---------- Provided records ----------

locale monoid_with_merge = finite_monoid_on M one mult
  for M :: "'a set" and one :: 'a and mult :: "'a \<Rightarrow> 'a \<Rightarrow> 'a" +
  fixes le :: "'a \<Rightarrow> 'a \<Rightarrow> bool" and sharp :: "'a \<Rightarrow> 'a"
  assumes le_refl: "x \<in> M \<Longrightarrow> le x x"
    and le_trans: "x \<in> M \<Longrightarrow> y \<in> M \<Longrightarrow> z \<in> M \<Longrightarrow> le x y \<Longrightarrow> le y z \<Longrightarrow> le x z"
    and mult_mono: "x \<in> M \<Longrightarrow> x' \<in> M \<Longrightarrow> y \<in> M \<Longrightarrow> y' \<in> M \<Longrightarrow> le x x' \<Longrightarrow> le y y' \<Longrightarrow>
      le (mult x y) (mult x' y')"
    and sharp_closed: "a \<in> M \<Longrightarrow> sharp a \<in> M"
    and sharp_mono: "a \<in> M \<Longrightarrow> b \<in> M \<Longrightarrow> le a b \<Longrightarrow> le (sharp a) (sharp b)"
    and idem_pow_plus_le_sharp: "a \<in> M \<Longrightarrow> le (idem_pow_plus mult one a k) (sharp a)"
    and sharp_mult_self: "a \<in> M \<Longrightarrow> mult (sharp a) (sharp a) = sharp a"
    and sharp_sharp: "a \<in> M \<Longrightarrow> sharp (sharp a) = sharp a"

lemma ordinal_monoid_with_merge_imp_monoid_with_merge:
  assumes "ordinal_monoid_with_merge M one le mult omega sharp"
  shows "monoid_with_merge M one mult le sharp"
  using assms unfolding ordinal_monoid_with_merge_def ordered_ordinal_monoid_def
  by (elim conjE, unfold_locales) meson+

context monoid_with_merge
begin

abbreviation Cl :: "'a set \<Rightarrow> 'a set" where
  "Cl \<equiv> cl_plus_sharp mult sharp"

lemma Cl_subset: "A \<subseteq> M \<Longrightarrow> Cl A \<subseteq> M"
  by (auto elim: cl_plus_sharp.induct intro: mult_closed sharp_closed)

lemma translations_subset_Cl:
  "a \<in> A \<Longrightarrow> mult a ` Cl A \<subseteq> Cl A" "a \<in> A \<Longrightarrow> (\<lambda>x. mult x a) ` Cl A \<subseteq> Cl A"
  by (auto intro: cl_plus_sharp.prod cl_plus_sharp.base)

lemma le_sharp_of_surjective_translations:
  assumes "A \<subseteq> M" "a \<in> A" "mult a ` Cl A = Cl A" "(\<lambda>x. mult x a) ` Cl A = Cl A"
    and "u \<in> Cl A" "local_identity (Cl A) u"
  shows "le u (sharp a)" and "le a (sharp a)"
proof -
  have CM: "Cl A \<subseteq> M" using Cl_subset[OF assms(1)] .
  have aC: "a \<in> Cl A" using assms(2) by (rule cl_plus_sharp.base)
  have aM: "a \<in> M" using assms(1,2) by blast
  obtain q where q: "q \<ge> 1" "pow a q \<in> Cl A" "local_identity (Cl A) (pow a q)"
    using local_identity_pow[OF CM aC assms(3,4)] .
  have "pow a q = u"
    using q(2,3) assms(5,6) unfolding local_identity_def by metis
  moreover have "mult (pow a q) a = a" using q(3) aC by (simp add: local_identity_def)
  ultimately have "idem_pow_plus mult one a 0 = u" "idem_pow_plus mult one a 1 = a"
    using idem_pow_plus_of_absorbing_pow[OF aM q(1)] by simp_all
  then show "le u (sharp a)" "le a (sharp a)"
    using idem_pow_plus_le_sharp[OF aM] by metis+
qed

lemma finite_upper_bound_in_Cl:
  assumes "A \<subseteq> M" "u \<in> Cl A" "local_identity (Cl A) u" "finite B" "B \<subseteq> Cl A"
    and "\<And>b. b \<in> B \<Longrightarrow> le u (sharp b) \<and> le b (sharp b)"
  shows "\<exists>p\<in>Cl A. le u p \<and> (\<forall>b\<in>B. le b p)"
  using assms(4-6)
proof (induction B rule: finite_induct)
  case empty
  then show ?case using assms(2) Cl_subset[OF assms(1)] le_refl by blast
next
  case (insert b B)
  have CM: "Cl A \<subseteq> M" using Cl_subset[OF assms(1)] .
  obtain p where p: "p \<in> Cl A" "le u p" "\<forall>c\<in>B. le c p" using insert by blast
  have bC: "b \<in> Cl A" and bb: "le u (sharp b)" "le b (sharp b)" using insert.prems by auto
  have uM: "u \<in> M" and pM: "p \<in> M" and bM: "b \<in> M" and sbM: "sharp b \<in> M"
    using CM assms(2) p(1) bC sharp_closed by auto
  \<comment> \<open>The new bound is p b^sharp; the identity u sits below both factors.\<close>
  have "le (mult c u) (mult p (sharp b))" if "c \<in> M" "le c p" for c
    using mult_mono[OF that(1) pM uM sbM that(2) bb(1)] .
  moreover have "le (mult u b) (mult p (sharp b))"
    using mult_mono[OF uM pM bM sbM p(2) bb(2)] .
  moreover have "mult c u = c" if "c \<in> Cl A" for c
    using assms(3) that by (simp add: local_identity_def)
  moreover have "mult u b = b" using assms(3) bC by (simp add: local_identity_def)
  moreover have "mult p (sharp b) \<in> Cl A"
    using p(1) bC by (intro cl_plus_sharp.prod cl_plus_sharp.shrp)
  ultimately show ?case
    using p assms(2) insert.prems(1) CM by (metis insert_iff subsetD)
qed

lemma sharp_of_upper_bound_is_max:
  assumes "A \<subseteq> M" "p \<in> Cl A" "\<And>a. a \<in> A \<Longrightarrow> le a p" "\<And>a. a \<in> A \<Longrightarrow> le a (sharp a)"
    and "x \<in> Cl A"
  shows "le x (sharp p)"
  using assms(5)
proof (induction rule: cl_plus_sharp.induct)
  case (base a)
  have "a \<in> M" "p \<in> M" using assms(1,2) base Cl_subset by auto
  then show ?case
    using le_trans sharp_closed sharp_mono assms(3,4) base by meson
next
  case (prod x y)
  have "p \<in> M" using assms(1,2) Cl_subset by auto
  then show ?case
    using mult_mono[of x "sharp p" y "sharp p"] prod Cl_subset[OF assms(1)] sharp_closed
      sharp_mult_self by auto
next
  case (shrp x)
  have "p \<in> M" using assms(1,2) Cl_subset by auto
  then show ?case
    using sharp_mono[of x "sharp p"] shrp Cl_subset[OF assms(1)] sharp_closed sharp_sharp by auto
qed

end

----------

Task directions »
Copy every line above without changes.

Result below »
locale monoid_with_merge = finite_monoid_on M one mult
  for M :: "'a set" and one :: 'a and mult :: "'a \<Rightarrow> 'a \<Rightarrow> 'a" +
  fixes le :: "'a \<Rightarrow> 'a \<Rightarrow> bool" and sharp :: "'a \<Rightarrow> 'a"
  assumes le_refl: "x \<in> M \<Longrightarrow> le x x"
    and le_trans: "x \<in> M \<Longrightarrow> y \<in> M \<Longrightarrow> z \<in> M \<Longrightarrow> le x y \<Longrightarrow> le y z \<Longrightarrow> le x z"
    and mult_mono: "x \<in> M \<Longrightarrow> x' \<in> M \<Longrightarrow> y \<in> M \<Longrightarrow> y' \<in> M \<Longrightarrow> le x x' \<Longrightarrow> le y y' \<Longrightarrow>
      le (mult x y) (mult x' y')"
    and sharp_closed: "a \<in> M \<Longrightarrow> sharp a \<in> M"
    and sharp_mono: "a \<in> M \<Longrightarrow> b \<in> M \<Longrightarrow> le a b \<Longrightarrow> le (sharp a) (sharp b)"
    and idem_pow_plus_le_sharp: "a \<in> M \<Longrightarrow> le (idem_pow_plus mult one a k) (sharp a)"
    and sharp_mult_self: "a \<in> M \<Longrightarrow> mult (sharp a) (sharp a) = sharp a"
    and sharp_sharp: "a \<in> M \<Longrightarrow> sharp (sharp a) = sharp a"

lemma ordinal_monoid_with_merge_imp_monoid_with_merge:
  assumes "ordinal_monoid_with_merge M one le mult omega sharp"
  shows "monoid_with_merge M one mult le sharp"
  using assms unfolding ordinal_monoid_with_merge_def ordered_ordinal_monoid_def
  by (elim conjE, unfold_locales) meson+

context monoid_with_merge
begin

abbreviation Cl :: "'a set \<Rightarrow> 'a set" where
  "Cl \<equiv> cl_plus_sharp mult sharp"

lemma Cl_subset: "A \<subseteq> M \<Longrightarrow> Cl A \<subseteq> M"
  by (auto elim: cl_plus_sharp.induct intro: mult_closed sharp_closed)

lemma translations_subset_Cl:
  "a \<in> A \<Longrightarrow> mult a ` Cl A \<subseteq> Cl A" "a \<in> A \<Longrightarrow> (\<lambda>x. mult x a) ` Cl A \<subseteq> Cl A"
  by (auto intro: cl_plus_sharp.prod cl_plus_sharp.base)

lemma le_sharp_of_surjective_translations:
  assumes "A \<subseteq> M" "a \<in> A" "mult a ` Cl A = Cl A" "(\<lambda>x. mult x a) ` Cl A = Cl A"
    and "u \<in> Cl A" "local_identity (Cl A) u"
  shows "le u (sharp a)" and "le a (sharp a)"
proof -
  have CM: "Cl A \<subseteq> M" using Cl_subset[OF assms(1)] .
  have aC: "a \<in> Cl A" using assms(2) by (rule cl_plus_sharp.base)
  have aM: "a \<in> M" using assms(1,2) by blast
  obtain q where q: "q \<ge> 1" "pow a q \<in> Cl A" "local_identity (Cl A) (pow a q)"
    using local_identity_pow[OF CM aC assms(3,4)] .
  have "pow a q = u"
    using q(2,3) assms(5,6) unfolding local_identity_def by metis
  moreover have "mult (pow a q) a = a" using q(3) aC by (simp add: local_identity_def)
  ultimately have "idem_pow_plus mult one a 0 = u" "idem_pow_plus mult one a 1 = a"
    using idem_pow_plus_of_absorbing_pow[OF aM q(1)] by simp_all
  then show "le u (sharp a)" "le a (sharp a)"
    using idem_pow_plus_le_sharp[OF aM] by metis+
qed

lemma finite_upper_bound_in_Cl:
  assumes "A \<subseteq> M" "u \<in> Cl A" "local_identity (Cl A) u" "finite B" "B \<subseteq> Cl A"
    and "\<And>b. b \<in> B \<Longrightarrow> le u (sharp b) \<and> le b (sharp b)"
  shows "\<exists>p\<in>Cl A. le u p \<and> (\<forall>b\<in>B. le b p)"
  using assms(4-6)
proof (induction B rule: finite_induct)
  case empty
  then show ?case using assms(2) Cl_subset[OF assms(1)] le_refl by blast
next
  case (insert b B)
  have CM: "Cl A \<subseteq> M" using Cl_subset[OF assms(1)] .
  obtain p where p: "p \<in> Cl A" "le u p" "\<forall>c\<in>B. le c p" using insert by blast
  have bC: "b \<in> Cl A" and bb: "le u (sharp b)" "le b (sharp b)" using insert.prems by auto
  have uM: "u \<in> M" and pM: "p \<in> M" and bM: "b \<in> M" and sbM: "sharp b \<in> M"
    using CM assms(2) p(1) bC sharp_closed by auto
  \<comment> \<open>The new bound is p b^sharp; the identity u sits below both factors.\<close>
  have "le (mult c u) (mult p (sharp b))" if "c \<in> M" "le c p" for c
    using mult_mono[OF that(1) pM uM sbM that(2) bb(1)] .
  moreover have "le (mult u b) (mult p (sharp b))"
    using mult_mono[OF uM pM bM sbM p(2) bb(2)] .
  moreover have "mult c u = c" if "c \<in> Cl A" for c
    using assms(3) that by (simp add: local_identity_def)
  moreover have "mult u b = b" using assms(3) bC by (simp add: local_identity_def)
  moreover have "mult p (sharp b) \<in> Cl A"
    using p(1) bC by (intro cl_plus_sharp.prod cl_plus_sharp.shrp)
  ultimately show ?case
    using p assms(2) insert.prems(1) CM by (metis insert_iff subsetD)
qed

lemma sharp_of_upper_bound_is_max:
  assumes "A \<subseteq> M" "p \<in> Cl A" "\<And>a. a \<in> A \<Longrightarrow> le a p" "\<And>a. a \<in> A \<Longrightarrow> le a (sharp a)"
    and "x \<in> Cl A"
  shows "le x (sharp p)"
  using assms(5)
proof (induction rule: cl_plus_sharp.induct)
  case (base a)
  have "a \<in> M" "p \<in> M" using assms(1,2) base Cl_subset by auto
  then show ?case
    using le_trans sharp_closed sharp_mono assms(3,4) base by meson
next
  case (prod x y)
  have "p \<in> M" using assms(1,2) Cl_subset by auto
  then show ?case
    using mult_mono[of x "sharp p" y "sharp p"] prod Cl_subset[OF assms(1)] sharp_closed
      sharp_mult_self by auto
next
  case (shrp x)
  have "p \<in> M" using assms(1,2) Cl_subset by auto
  then show ?case
    using sharp_mono[of x "sharp p"] shrp Cl_subset[OF assms(1)] sharp_closed sharp_sharp by auto
qed

end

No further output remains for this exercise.